(Data shown begins)

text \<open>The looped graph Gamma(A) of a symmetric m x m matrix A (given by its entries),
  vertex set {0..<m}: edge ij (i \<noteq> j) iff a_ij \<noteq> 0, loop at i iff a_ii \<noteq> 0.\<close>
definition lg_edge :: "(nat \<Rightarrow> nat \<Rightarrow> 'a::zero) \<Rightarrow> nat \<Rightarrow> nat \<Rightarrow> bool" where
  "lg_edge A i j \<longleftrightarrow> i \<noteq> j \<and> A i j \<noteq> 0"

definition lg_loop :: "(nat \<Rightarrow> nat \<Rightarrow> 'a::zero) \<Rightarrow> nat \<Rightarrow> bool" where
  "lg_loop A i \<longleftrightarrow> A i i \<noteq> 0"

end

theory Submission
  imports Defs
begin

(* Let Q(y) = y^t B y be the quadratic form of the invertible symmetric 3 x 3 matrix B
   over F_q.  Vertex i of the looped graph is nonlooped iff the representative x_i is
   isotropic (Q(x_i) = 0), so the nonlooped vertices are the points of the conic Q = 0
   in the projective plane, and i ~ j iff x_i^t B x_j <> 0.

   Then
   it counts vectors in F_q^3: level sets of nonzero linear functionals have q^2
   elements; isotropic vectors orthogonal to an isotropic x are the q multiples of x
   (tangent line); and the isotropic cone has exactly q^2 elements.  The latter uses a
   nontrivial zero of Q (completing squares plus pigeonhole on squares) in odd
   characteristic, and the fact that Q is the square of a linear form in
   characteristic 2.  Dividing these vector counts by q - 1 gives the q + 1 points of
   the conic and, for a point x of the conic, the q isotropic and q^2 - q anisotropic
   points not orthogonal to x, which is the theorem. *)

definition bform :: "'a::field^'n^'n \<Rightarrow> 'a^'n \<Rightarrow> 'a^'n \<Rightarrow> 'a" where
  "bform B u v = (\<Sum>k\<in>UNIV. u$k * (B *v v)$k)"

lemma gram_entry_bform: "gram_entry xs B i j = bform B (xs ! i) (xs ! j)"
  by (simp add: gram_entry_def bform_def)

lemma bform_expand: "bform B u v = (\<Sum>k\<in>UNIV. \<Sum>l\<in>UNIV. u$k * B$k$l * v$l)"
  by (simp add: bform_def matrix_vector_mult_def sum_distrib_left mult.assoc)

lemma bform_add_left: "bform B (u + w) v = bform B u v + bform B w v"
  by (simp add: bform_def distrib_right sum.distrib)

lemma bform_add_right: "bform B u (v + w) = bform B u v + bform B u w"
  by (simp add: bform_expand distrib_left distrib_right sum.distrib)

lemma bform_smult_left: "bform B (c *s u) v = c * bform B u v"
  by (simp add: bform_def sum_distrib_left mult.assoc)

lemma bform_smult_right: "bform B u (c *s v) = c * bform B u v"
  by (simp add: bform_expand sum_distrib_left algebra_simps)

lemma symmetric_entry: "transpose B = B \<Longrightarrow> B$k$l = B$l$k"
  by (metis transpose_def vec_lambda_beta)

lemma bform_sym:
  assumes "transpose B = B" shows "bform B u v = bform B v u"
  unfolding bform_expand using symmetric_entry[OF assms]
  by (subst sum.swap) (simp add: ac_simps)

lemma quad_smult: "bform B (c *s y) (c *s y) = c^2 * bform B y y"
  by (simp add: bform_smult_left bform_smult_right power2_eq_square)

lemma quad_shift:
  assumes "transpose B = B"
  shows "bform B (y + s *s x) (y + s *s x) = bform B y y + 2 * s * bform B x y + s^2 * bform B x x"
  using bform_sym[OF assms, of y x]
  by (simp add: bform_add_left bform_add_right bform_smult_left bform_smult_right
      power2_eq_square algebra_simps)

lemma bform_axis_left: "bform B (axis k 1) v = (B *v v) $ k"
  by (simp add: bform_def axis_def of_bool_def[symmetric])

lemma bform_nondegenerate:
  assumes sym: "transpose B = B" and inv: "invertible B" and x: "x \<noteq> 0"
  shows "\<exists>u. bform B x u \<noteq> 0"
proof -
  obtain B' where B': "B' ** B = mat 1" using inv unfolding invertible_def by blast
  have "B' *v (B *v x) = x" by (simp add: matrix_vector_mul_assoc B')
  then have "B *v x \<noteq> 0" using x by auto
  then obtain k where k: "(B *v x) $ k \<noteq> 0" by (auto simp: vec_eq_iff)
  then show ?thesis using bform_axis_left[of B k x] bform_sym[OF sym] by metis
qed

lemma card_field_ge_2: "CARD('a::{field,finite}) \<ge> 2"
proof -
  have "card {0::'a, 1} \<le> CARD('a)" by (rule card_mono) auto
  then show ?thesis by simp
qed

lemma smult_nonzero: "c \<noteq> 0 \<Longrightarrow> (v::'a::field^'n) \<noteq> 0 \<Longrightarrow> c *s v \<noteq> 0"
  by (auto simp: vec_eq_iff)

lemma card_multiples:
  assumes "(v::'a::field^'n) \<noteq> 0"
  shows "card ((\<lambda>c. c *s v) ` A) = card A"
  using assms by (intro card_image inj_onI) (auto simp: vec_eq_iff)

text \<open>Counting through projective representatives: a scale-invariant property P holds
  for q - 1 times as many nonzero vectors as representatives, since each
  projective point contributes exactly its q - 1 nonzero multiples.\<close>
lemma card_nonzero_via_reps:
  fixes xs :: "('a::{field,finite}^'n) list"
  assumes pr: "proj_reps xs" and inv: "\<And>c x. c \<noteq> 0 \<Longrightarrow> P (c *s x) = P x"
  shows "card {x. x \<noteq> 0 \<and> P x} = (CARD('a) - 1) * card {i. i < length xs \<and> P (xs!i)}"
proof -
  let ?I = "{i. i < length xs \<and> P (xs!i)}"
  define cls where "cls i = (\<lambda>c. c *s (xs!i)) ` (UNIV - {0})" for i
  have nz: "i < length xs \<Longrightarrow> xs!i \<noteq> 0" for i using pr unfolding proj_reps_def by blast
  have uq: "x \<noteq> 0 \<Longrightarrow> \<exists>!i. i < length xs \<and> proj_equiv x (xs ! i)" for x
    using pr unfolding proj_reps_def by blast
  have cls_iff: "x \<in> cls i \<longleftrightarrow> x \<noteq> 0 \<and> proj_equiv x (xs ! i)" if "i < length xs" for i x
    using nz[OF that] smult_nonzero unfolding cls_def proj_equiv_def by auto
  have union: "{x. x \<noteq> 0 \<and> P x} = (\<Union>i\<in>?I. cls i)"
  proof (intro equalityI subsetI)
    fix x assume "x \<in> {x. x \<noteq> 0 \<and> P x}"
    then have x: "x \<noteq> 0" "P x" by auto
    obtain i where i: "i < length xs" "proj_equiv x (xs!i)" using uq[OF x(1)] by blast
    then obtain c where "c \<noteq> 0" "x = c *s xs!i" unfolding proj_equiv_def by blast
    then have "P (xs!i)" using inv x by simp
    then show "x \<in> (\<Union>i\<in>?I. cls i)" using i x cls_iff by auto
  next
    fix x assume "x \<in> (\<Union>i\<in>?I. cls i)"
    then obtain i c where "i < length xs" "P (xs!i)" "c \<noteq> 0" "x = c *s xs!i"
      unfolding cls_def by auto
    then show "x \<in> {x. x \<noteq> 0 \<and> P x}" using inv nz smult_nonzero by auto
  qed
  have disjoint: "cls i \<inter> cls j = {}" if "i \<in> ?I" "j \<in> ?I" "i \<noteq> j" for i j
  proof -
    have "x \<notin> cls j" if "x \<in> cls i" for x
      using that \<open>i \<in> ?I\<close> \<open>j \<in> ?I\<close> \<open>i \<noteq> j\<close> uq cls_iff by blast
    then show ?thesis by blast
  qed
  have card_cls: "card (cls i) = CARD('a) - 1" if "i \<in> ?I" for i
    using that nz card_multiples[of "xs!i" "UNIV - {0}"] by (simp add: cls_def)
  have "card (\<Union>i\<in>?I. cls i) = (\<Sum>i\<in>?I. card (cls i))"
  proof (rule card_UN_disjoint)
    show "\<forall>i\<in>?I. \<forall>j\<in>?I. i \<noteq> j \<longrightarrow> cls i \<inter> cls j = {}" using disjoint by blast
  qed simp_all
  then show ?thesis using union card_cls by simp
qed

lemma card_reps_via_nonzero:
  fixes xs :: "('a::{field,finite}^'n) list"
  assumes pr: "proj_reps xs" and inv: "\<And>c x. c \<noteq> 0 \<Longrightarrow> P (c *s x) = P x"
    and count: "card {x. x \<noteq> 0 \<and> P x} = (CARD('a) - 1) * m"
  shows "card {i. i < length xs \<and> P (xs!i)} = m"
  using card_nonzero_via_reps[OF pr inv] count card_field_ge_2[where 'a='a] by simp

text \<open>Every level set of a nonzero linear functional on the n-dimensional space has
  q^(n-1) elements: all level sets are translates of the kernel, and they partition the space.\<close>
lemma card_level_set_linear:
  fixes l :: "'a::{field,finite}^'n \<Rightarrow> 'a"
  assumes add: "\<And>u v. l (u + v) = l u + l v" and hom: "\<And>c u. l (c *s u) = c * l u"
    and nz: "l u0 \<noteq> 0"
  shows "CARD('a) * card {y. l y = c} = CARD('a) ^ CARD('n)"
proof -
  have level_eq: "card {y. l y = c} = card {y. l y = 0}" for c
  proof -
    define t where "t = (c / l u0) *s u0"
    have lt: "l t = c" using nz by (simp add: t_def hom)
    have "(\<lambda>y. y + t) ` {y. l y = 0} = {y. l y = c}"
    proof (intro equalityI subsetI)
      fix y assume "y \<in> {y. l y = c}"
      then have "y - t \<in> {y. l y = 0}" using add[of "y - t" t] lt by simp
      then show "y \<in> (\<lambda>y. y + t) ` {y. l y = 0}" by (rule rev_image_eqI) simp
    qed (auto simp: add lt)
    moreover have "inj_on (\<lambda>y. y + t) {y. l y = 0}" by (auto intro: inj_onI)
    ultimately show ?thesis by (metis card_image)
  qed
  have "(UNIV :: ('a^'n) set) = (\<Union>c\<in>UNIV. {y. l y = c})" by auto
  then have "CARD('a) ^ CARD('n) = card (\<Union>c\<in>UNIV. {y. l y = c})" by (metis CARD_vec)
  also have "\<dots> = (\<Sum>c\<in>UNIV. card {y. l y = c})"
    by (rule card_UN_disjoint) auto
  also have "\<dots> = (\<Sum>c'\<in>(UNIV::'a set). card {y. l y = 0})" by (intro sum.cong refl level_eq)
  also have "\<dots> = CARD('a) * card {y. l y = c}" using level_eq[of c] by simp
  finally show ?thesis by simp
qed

(Data shown ends)
(Data shown begins)

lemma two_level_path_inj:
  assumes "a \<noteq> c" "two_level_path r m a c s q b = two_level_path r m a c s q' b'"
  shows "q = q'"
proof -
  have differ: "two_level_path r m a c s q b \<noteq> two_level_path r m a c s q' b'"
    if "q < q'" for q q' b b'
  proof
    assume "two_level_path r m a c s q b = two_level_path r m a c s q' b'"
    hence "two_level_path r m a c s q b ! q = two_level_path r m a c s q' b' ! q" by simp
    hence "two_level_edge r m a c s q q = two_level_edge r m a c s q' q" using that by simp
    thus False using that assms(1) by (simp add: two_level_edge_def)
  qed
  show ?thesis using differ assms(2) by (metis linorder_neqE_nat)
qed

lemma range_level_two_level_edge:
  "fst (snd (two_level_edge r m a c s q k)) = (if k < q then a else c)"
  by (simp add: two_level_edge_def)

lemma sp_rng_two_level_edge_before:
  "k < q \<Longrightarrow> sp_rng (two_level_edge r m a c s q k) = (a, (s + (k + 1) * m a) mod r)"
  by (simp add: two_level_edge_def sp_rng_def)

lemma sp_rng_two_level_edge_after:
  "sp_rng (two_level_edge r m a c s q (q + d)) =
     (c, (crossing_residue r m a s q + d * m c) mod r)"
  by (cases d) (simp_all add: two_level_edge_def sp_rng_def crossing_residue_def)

(Data shown ends)
(Data shown begins)

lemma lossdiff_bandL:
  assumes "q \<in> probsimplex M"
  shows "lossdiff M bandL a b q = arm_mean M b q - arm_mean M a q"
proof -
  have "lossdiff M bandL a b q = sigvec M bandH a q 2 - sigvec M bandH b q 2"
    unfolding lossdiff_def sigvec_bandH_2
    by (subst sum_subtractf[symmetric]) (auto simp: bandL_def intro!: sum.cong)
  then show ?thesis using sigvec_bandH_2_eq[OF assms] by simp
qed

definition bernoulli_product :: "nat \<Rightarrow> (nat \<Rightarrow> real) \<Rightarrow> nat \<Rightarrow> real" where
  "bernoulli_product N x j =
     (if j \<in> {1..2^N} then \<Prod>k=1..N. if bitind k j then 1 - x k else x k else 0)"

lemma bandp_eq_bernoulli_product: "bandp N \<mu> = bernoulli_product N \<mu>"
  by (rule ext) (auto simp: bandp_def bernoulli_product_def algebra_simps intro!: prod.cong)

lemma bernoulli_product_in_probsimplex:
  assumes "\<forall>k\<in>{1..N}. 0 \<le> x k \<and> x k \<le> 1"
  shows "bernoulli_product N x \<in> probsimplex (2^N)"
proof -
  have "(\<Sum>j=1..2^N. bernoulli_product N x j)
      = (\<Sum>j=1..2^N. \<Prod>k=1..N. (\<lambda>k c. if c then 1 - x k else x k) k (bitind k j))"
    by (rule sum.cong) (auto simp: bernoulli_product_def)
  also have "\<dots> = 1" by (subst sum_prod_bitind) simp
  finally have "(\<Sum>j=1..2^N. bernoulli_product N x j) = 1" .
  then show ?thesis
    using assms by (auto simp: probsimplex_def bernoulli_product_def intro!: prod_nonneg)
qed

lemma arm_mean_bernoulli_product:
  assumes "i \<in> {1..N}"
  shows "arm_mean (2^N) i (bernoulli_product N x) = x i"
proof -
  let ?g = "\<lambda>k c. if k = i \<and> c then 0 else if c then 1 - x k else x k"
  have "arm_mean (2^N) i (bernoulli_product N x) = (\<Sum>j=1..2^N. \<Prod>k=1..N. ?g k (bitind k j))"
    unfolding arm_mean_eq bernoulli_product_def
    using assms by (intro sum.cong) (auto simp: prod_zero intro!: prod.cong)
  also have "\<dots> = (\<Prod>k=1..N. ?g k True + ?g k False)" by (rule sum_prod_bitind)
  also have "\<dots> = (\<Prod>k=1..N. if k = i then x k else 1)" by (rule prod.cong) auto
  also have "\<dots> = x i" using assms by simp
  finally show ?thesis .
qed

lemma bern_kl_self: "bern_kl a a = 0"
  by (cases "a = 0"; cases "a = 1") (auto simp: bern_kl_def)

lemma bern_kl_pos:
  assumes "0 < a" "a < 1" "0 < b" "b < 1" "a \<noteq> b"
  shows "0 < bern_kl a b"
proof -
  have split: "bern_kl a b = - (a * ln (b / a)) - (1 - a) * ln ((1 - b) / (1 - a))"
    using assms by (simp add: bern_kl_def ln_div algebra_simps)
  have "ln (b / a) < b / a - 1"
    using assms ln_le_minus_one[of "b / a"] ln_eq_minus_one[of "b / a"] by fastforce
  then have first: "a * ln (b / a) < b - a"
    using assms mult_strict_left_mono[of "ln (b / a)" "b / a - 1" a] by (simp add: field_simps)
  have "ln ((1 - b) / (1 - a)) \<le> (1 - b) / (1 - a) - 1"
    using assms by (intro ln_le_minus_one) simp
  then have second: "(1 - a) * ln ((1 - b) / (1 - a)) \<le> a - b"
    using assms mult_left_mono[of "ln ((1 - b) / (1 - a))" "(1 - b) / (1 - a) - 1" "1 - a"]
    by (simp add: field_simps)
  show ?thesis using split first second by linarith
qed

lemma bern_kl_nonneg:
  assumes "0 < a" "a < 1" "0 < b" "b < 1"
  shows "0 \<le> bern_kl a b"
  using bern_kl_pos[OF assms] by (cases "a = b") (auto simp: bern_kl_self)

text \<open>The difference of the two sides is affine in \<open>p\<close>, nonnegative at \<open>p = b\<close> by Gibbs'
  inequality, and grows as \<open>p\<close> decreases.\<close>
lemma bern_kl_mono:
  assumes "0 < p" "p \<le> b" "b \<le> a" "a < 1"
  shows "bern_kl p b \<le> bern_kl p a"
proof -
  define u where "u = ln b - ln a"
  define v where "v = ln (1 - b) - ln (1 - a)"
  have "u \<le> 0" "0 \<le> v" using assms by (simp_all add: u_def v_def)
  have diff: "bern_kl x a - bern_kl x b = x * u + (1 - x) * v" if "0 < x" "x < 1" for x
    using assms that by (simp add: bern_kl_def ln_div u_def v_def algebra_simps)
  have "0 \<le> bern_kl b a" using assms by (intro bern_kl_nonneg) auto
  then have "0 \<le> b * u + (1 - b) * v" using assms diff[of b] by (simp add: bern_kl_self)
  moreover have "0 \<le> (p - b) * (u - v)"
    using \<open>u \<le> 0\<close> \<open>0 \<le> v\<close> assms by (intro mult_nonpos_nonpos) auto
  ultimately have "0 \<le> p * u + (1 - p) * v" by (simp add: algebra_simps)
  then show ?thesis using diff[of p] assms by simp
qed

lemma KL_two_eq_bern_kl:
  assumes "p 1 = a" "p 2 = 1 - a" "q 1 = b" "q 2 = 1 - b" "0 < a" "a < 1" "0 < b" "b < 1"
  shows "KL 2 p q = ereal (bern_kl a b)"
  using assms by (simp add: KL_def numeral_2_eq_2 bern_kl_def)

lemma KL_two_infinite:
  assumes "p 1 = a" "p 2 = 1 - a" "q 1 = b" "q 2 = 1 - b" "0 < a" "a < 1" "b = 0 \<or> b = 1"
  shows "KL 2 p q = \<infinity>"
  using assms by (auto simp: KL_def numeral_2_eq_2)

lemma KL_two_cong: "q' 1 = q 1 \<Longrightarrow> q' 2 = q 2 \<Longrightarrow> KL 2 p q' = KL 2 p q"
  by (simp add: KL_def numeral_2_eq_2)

(Data shown ends)

■ Prompt:
In how many lines of the data does the string "projective" occur? Answer with the number and nothing else.

■ Result:
3